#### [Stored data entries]

'''

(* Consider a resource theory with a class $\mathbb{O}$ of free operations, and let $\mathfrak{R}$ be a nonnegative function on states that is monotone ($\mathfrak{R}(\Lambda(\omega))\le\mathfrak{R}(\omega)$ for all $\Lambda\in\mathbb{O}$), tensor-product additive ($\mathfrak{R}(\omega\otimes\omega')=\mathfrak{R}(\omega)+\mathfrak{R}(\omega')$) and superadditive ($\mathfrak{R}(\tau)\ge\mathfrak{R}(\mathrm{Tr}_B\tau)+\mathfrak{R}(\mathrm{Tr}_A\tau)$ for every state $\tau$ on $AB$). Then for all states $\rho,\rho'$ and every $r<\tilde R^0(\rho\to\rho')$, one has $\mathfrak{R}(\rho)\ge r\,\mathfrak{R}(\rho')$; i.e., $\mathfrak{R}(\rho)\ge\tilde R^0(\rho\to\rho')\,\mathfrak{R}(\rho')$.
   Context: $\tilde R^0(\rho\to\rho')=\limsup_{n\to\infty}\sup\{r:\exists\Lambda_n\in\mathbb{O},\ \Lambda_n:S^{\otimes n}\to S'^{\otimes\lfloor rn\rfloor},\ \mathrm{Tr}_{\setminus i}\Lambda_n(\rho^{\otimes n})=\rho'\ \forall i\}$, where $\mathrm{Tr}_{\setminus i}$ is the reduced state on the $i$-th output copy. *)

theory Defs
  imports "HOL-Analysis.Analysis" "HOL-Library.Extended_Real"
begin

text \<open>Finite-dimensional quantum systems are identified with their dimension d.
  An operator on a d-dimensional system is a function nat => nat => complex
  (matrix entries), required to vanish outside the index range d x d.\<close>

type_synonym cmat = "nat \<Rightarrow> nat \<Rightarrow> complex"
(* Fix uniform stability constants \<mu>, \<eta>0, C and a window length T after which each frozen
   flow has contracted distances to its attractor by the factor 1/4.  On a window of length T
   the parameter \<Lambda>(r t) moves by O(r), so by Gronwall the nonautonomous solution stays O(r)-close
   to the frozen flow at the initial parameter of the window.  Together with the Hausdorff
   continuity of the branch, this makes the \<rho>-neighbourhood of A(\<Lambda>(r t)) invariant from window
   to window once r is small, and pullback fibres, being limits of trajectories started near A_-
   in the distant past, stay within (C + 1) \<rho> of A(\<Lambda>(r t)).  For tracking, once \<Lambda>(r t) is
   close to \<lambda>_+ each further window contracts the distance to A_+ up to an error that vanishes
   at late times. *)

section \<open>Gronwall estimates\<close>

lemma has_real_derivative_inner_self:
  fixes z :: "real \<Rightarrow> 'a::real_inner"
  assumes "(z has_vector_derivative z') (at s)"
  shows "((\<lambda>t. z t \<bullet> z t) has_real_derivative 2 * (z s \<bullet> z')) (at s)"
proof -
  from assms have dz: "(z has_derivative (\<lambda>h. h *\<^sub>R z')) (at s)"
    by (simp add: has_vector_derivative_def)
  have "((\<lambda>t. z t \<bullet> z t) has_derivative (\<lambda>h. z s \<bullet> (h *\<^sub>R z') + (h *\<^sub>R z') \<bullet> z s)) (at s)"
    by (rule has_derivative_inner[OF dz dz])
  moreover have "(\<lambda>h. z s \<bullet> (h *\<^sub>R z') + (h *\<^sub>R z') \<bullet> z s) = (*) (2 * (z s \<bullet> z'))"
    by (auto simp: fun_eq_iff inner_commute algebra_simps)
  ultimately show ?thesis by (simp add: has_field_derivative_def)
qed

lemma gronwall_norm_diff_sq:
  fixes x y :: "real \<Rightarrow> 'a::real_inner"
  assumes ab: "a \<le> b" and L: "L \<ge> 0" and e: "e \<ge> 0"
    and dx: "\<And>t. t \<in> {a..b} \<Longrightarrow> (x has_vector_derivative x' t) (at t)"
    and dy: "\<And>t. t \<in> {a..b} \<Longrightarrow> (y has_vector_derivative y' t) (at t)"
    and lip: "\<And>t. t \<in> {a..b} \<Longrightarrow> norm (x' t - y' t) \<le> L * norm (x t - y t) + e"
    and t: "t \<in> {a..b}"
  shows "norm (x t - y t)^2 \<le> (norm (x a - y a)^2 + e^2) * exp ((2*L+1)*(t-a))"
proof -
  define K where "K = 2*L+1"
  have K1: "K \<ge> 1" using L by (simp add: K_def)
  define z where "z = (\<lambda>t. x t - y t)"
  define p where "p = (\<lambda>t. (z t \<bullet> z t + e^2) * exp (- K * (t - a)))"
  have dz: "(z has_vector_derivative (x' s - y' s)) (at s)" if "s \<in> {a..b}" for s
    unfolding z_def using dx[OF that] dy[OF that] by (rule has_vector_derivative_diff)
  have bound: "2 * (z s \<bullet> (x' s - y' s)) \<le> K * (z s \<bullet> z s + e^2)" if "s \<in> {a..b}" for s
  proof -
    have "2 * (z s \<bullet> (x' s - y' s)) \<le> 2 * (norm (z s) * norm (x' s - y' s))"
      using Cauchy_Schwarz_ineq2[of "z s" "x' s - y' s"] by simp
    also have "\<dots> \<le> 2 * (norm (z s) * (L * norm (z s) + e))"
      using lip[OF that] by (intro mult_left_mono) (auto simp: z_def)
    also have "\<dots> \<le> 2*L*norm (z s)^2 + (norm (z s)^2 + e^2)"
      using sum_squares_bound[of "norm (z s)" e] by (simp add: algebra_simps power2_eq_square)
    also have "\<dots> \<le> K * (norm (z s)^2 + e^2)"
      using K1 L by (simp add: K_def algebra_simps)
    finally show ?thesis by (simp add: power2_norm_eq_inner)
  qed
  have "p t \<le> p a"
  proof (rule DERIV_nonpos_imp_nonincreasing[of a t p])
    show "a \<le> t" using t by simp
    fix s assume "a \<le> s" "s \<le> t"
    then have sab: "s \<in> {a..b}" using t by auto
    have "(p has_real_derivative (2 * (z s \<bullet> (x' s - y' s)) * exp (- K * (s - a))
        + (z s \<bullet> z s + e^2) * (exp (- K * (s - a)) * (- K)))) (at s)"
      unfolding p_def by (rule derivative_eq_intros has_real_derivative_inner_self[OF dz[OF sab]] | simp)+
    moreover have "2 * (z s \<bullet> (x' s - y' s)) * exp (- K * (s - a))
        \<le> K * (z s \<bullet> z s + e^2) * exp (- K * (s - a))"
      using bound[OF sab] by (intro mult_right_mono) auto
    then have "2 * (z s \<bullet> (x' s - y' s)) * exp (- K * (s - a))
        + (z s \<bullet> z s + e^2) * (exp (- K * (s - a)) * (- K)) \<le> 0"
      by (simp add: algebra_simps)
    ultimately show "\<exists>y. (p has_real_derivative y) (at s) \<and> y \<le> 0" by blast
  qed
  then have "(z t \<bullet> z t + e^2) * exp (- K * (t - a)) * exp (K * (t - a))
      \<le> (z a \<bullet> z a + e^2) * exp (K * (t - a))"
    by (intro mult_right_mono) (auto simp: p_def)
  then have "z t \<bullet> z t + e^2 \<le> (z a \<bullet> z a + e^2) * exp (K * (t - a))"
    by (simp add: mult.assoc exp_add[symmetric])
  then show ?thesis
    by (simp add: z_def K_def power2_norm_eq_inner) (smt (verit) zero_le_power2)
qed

'''

#### [What the exercise asks]
For the word "assumes", count the lines of the data that contain it and state only that count.

#### [Result]
2